In the age of false lighting, Netflix, and late-night delivery, our sleep quality has taken a major hit. Being bombarded with sleep-aids and anecdotal advice hasn’t helped many of us over the years. However, now we know that a better bedtime routine is helpful.
Good Sleep is Important
The most important part of a bedtime routine is the commitment to the routine. It may seem hard at first, but like mastering any skill, staying consistent with your practice will help you on your bedtime journey. Below are 6 ways to build a better bedtime routine:
How to Get Better Sleep in 6 Steps
1. Set up a regular wake and sleep time
One of the most important practices to develop for your bedtime routine is setting up a regular sleep schedule. This isn’t as simple as deciding to go to sleep at 10 pm. You should set up an evening schedule that allows you to create a relaxing environment, reminding your mind and body that it’s time to settle down. Having a consistent wake time will also help you adjust in the evenings.
2. Get regular exercise
Before you can have a relaxed mindset, you must spend a good amount of energy during the day. This ensures that both the mind and body are ready to enter a restful state later in the evening. Check out this article for an in-depth look at the benefits exercise has on your sleep.
3. Avoid nicotine, caffeine and alcohol before bed
As you are working on building a better bedtime routine, we highly suggest avoiding nicotine, caffeine and alcohol as a part of your routine.
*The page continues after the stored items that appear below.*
text \<open>
  In a primitive inverse semigroup distinct non-zero idempotents are orthogonal, so for \<open>a \<noteq> 0\<close>
  the \<open>H\<close>-class of \<open>a\<close> is \<open>{y. a a\<^sup>-\<^sup>1 y \<noteq> 0 \<and> y a\<^sup>-\<^sup>1 a \<noteq> 0}\<close>, an open set, and left
  translation by \<open>a\<^sup>-\<^sup>1\<close> carries it into the maximal subgroup at \<open>a\<^sup>-\<^sup>1 a\<close>. Continuity of
  inversion on the maximal subgroups therefore gives continuity at every non-zero point.
  At \<open>0\<close>, let \<open>C\<close> be closed with \<open>0 \<notin> C\<close>. Countable compactness makes the locally constant
  map \<open>k \<mapsto> k\<^sup>-\<^sup>1 k\<close> take finitely many values on \<open>C\<close>, which can be separated from \<open>0\<close> by an
  open set \<open>A\<close>, and it provides a finite \<open>F\<close> such that every \<open>k \<in> C\<close> has \<open>k\<^sup>-\<^sup>1 t \<in> A\<close> for
  some \<open>t \<in> F\<close>. As \<open>y t \<rightarrow> 0\<close> for \<open>y \<rightarrow> 0\<close>, the inverses of points near \<open>0\<close> avoid \<open>C\<close>.
\<close>

locale inv_semigroup =
  fixes mult :: "'a \<Rightarrow> 'a \<Rightarrow> 'a"  (infixl \<open>\<cdot>\<close> 70)
  assumes inverse_semigroup: "inverse_semigroup (\<cdot>)"
begin

abbreviation sinv :: "'a \<Rightarrow> 'a"  (\<open>_\<^sup>-\<^sup>1\<close> [1000] 999)
  where "x\<^sup>-\<^sup>1 \<equiv> sg_inv (\<cdot>) x"

lemma assoc [simp]: "x \<cdot> y \<cdot> w = x \<cdot> (y \<cdot> w)"
  using inverse_semigroup unfolding inverse_semigroup_def by blast

lemma ex1_sinv: "\<exists>!y. x \<cdot> y \<cdot> x = x \<and> y \<cdot> x \<cdot> y = y"
  using inverse_semigroup unfolding inverse_semigroup_def by blast

lemma sinv_unique: "x \<cdot> y \<cdot> x = x \<Longrightarrow> y \<cdot> x \<cdot> y = y \<Longrightarrow> x\<^sup>-\<^sup>1 = y"
  unfolding sg_inv_def by (rule the1_equality[OF ex1_sinv]) simp

lemma mult_sinv_mult [simp]: "x \<cdot> (x\<^sup>-\<^sup>1 \<cdot> x) = x"
  and sinv_mult_sinv [simp]: "x\<^sup>-\<^sup>1 \<cdot> (x \<cdot> x\<^sup>-\<^sup>1) = x\<^sup>-\<^sup>1"
  using theI'[OF ex1_sinv, of x] unfolding sg_inv_def by simp_all

lemma mult_sinv_mult' [simp]: "x \<cdot> (x\<^sup>-\<^sup>1 \<cdot> (x \<cdot> y)) = x \<cdot> y"
  and sinv_mult_sinv' [simp]: "x\<^sup>-\<^sup>1 \<cdot> (x \<cdot> (x\<^sup>-\<^sup>1 \<cdot> y)) = x\<^sup>-\<^sup>1 \<cdot> y"
  by (metis assoc mult_sinv_mult, metis assoc sinv_mult_sinv)

lemma sinv_sinv [simp]: "(x\<^sup>-\<^sup>1)\<^sup>-\<^sup>1 = x"
  by (rule sinv_unique) simp_all

lemma sinv_idem: "e \<cdot> e = e \<Longrightarrow> e\<^sup>-\<^sup>1 = e"
  by (rule sinv_unique) simp_all

text \<open>\<open>x = (e \<cdot> f)\<^sup>-\<^sup>1\<close> satisfies \<open>x = f \<cdot> x \<cdot> e\<close>, which makes \<open>x\<close> idempotent;
  hence so is its inverse \<open>e \<cdot> f\<close>.\<close>
lemma idem_mult:
  assumes e: "e \<cdot> e = e" and f: "f \<cdot> f = f"
  shows "e \<cdot> f \<cdot> (e \<cdot> f) = e \<cdot> f"
proof -
  have e': "e \<cdot> (e \<cdot> y) = e \<cdot> y" and f': "f \<cdot> (f \<cdot> y) = f \<cdot> y" for y
    using e f by (metis assoc)+
  define x where "x = (e \<cdot> f)\<^sup>-\<^sup>1"
  have ef_x: "e \<cdot> f \<cdot> x \<cdot> (e \<cdot> f) = e \<cdot> f" and x_ef: "x \<cdot> (e \<cdot> f) \<cdot> x = x"
    unfolding x_def by (metis assoc mult_sinv_mult, metis assoc sinv_mult_sinv)
  have x_eq: "x = f \<cdot> x \<cdot> e"
  proof (subst (1) x_def, rule sinv_unique)
    show "e \<cdot> f \<cdot> (f \<cdot> x \<cdot> e) \<cdot> (e \<cdot> f) = e \<cdot> f" using ef_x by (simp add: e' f' x_def)
    have "f \<cdot> x \<cdot> e \<cdot> (e \<cdot> f) \<cdot> (f \<cdot> x \<cdot> e) = f \<cdot> (x \<cdot> (e \<cdot> f) \<cdot> x) \<cdot> e" by (simp add: e' f')
    then show "f \<cdot> x \<cdot> e \<cdot> (e \<cdot> f) \<cdot> (f \<cdot> x \<cdot> e) = f \<cdot> x \<cdot> e" by (simp only: x_ef)
  qed
  then have "x \<cdot> x = f \<cdot> (x \<cdot> (e \<cdot> f) \<cdot> x) \<cdot> e" by (metis assoc)
  also have "\<dots> = x" using x_ef x_eq by simp
  finally have "x \<cdot> x = x" .
  moreover have "e \<cdot> f = x" using sinv_idem[OF \<open>x \<cdot> x = x\<close>] by (simp add: x_def)
  ultimately show ?thesis by simp
qed

lemma idem_commute:
  assumes e: "e \<cdot> e = e" and f: "f \<cdot> f = f"
  shows "e \<cdot> f = f \<cdot> e"
proof -
  have "(e \<cdot> f)\<^sup>-\<^sup>1 = f \<cdot> e"
  proof (rule sinv_unique)
    have "e \<cdot> f \<cdot> (f \<cdot> e) \<cdot> (e \<cdot> f) = e \<cdot> (f \<cdot> f) \<cdot> (e \<cdot> e) \<cdot> f" by simp
    then show "e \<cdot> f \<cdot> (f \<cdot> e) \<cdot> (e \<cdot> f) = e \<cdot> f" using e f idem_mult[OF e f] by simp
    have "f \<cdot> e \<cdot> (e \<cdot> f) \<cdot> (f \<cdot> e) = f \<cdot> (e \<cdot> e) \<cdot> (f \<cdot> f) \<cdot> e" by simp
    then show "f \<cdot> e \<cdot> (e \<cdot> f) \<cdot> (f \<cdot> e) = f \<cdot> e" using e f idem_mult[OF f e] by simp
  qed
  then show ?thesis using sinv_idem[OF idem_mult[OF e f]] by simp
qed

definition lproj :: "'a \<Rightarrow> 'a" where "lproj x = x \<cdot> x\<^sup>-\<^sup>1"
definition rproj :: "'a \<Rightarrow> 'a" where "rproj x = x\<^sup>-\<^sup>1 \<cdot> x"

lemma lproj_idem: "lproj x \<cdot> lproj x = lproj x"
  and rproj_idem: "rproj x \<cdot> rproj x = rproj x"
  unfolding lproj_def rproj_def by (metis assoc mult_sinv_mult)+

lemma lproj_mult [simp]: "lproj x \<cdot> x = x"
  and mult_rproj [simp]: "x \<cdot> rproj x = x"
  unfolding lproj_def rproj_def by simp_all

lemma lproj_sinv [simp]: "lproj (x\<^sup>-\<^sup>1) = rproj x"
  and rproj_sinv [simp]: "rproj (x\<^sup>-\<^sup>1) = lproj x"
  unfolding lproj_def rproj_def by simp_all

lemma lproj_idem_eq: "e \<cdot> e = e \<Longrightarrow> lproj e = e"
  and rproj_idem_eq: "e \<cdot> e = e \<Longrightarrow> rproj e = e"
  unfolding lproj_def rproj_def by (simp_all add: sinv_idem)

lemma sinv_mult: "(x \<cdot> y)\<^sup>-\<^sup>1 = y\<^sup>-\<^sup>1 \<cdot> x\<^sup>-\<^sup>1"
proof (rule sinv_unique)
  have comm: "y \<cdot> y\<^sup>-\<^sup>1 \<cdot> (x\<^sup>-\<^sup>1 \<cdot> x) = x\<^sup>-\<^sup>1 \<cdot> x \<cdot> (y \<cdot> y\<^sup>-\<^sup>1)"
    using idem_commute[OF lproj_idem rproj_idem] unfolding lproj_def rproj_def .
  have "x \<cdot> y \<cdot> (y\<^sup>-\<^sup>1 \<cdot> x\<^sup>-\<^sup>1) \<cdot> (x \<cdot> y) = x \<cdot> (y \<cdot> y\<^sup>-\<^sup>1 \<cdot> (x\<^sup>-\<^sup>1 \<cdot> x)) \<cdot> y" by simp
  then show "x \<cdot> y \<cdot> (y\<^sup>-\<^sup>1 \<cdot> x\<^sup>-\<^sup>1) \<cdot> (x \<cdot> y) = x \<cdot> y" by (simp only: comm) simp
  have "y\<^sup>-\<^sup>1 \<cdot> x\<^sup>-\<^sup>1 \<cdot> (x \<cdot> y) \<cdot> (y\<^sup>-\<^sup>1 \<cdot> x\<^sup>-\<^sup>1) = y\<^sup>-\<^sup>1 \<cdot> (x\<^sup>-\<^sup>1 \<cdot> x \<cdot> (y \<cdot> y\<^sup>-\<^sup>1)) \<cdot> x\<^sup>-\<^sup>1" by simp
  then show "y\<^sup>-\<^sup>1 \<cdot> x\<^sup>-\<^sup>1 \<cdot> (x \<cdot> y) \<cdot> (y\<^sup>-\<^sup>1 \<cdot> x\<^sup>-\<^sup>1) = y\<^sup>-\<^sup>1 \<cdot> x\<^sup>-\<^sup>1" by (simp only: comm[symmetric]) simp
qed

lemma lproj_mult_eq: "rproj x = lproj y \<Longrightarrow> lproj (x \<cdot> y) = lproj x"
  and rproj_mult_eq: "rproj x = lproj y \<Longrightarrow> rproj (x \<cdot> y) = rproj y"
proof -
  assume xy: "rproj x = lproj y"
  have "lproj (x \<cdot> y) = x \<cdot> lproj y \<cdot> x\<^sup>-\<^sup>1" by (simp add: lproj_def sinv_mult)
  also have "\<dots> = x \<cdot> rproj x \<cdot> x\<^sup>-\<^sup>1" by (simp add: xy)
  also have "\<dots> = lproj x" by (simp add: lproj_def rproj_def)
  finally show "lproj (x \<cdot> y) = lproj x" .
  have "rproj (x \<cdot> y) = y\<^sup>-\<^sup>1 \<cdot> rproj x \<cdot> y" by (simp add: rproj_def sinv_mult)
  also have "\<dots> = y\<^sup>-\<^sup>1 \<cdot> lproj y \<cdot> y" by (simp add: xy)
  also have "\<dots> = rproj y" by (simp add: lproj_def rproj_def)
  finally show "rproj (x \<cdot> y) = rproj y" .
qed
None of these substances will help create a calming and restful environment as they are all stimulants. In addition, alcohol, nicotine and caffeine have been proven to negatively impact sleep quality.
4. Sip some chamomile tea
A lovely complement to any bedtime routine is a delicious tea. Caffeine is off the table, but there are plenty of caffeine-free teas that will put you in a mellow mood. We have used teas for centuries as a natural sleep aid and to calm anxiety. Consider adding some chamomile or valerian tea to your bedtime routine.
5. Avoid blue light
For those who don’t know, blue light can disrupt sleep, and suppress the secretion of melatonin – the hormone that lets your body know it’s time to sleep. The best practice is to avoid blue light thirty to sixty minutes before you want to fall asleep. This will allow your brain to note that it is no longer time to be productive.
6. Practice relaxation and meditation before sleep
Since you won’t be using your phone, tablet, tv, or computer before bed – you’ve got some time freed up to practice relaxation. Relaxation can come in many forms, such as a hot bath or shower, listening to calming music, or prayer and meditation. The goal is to create a regular pattern of activity before bed, to regulate feeling sleepy.
We hope these 6 suggestions help you create a better bedtime routine and improve your sleep quality. Make sure you make a bedtime plan and stick to it!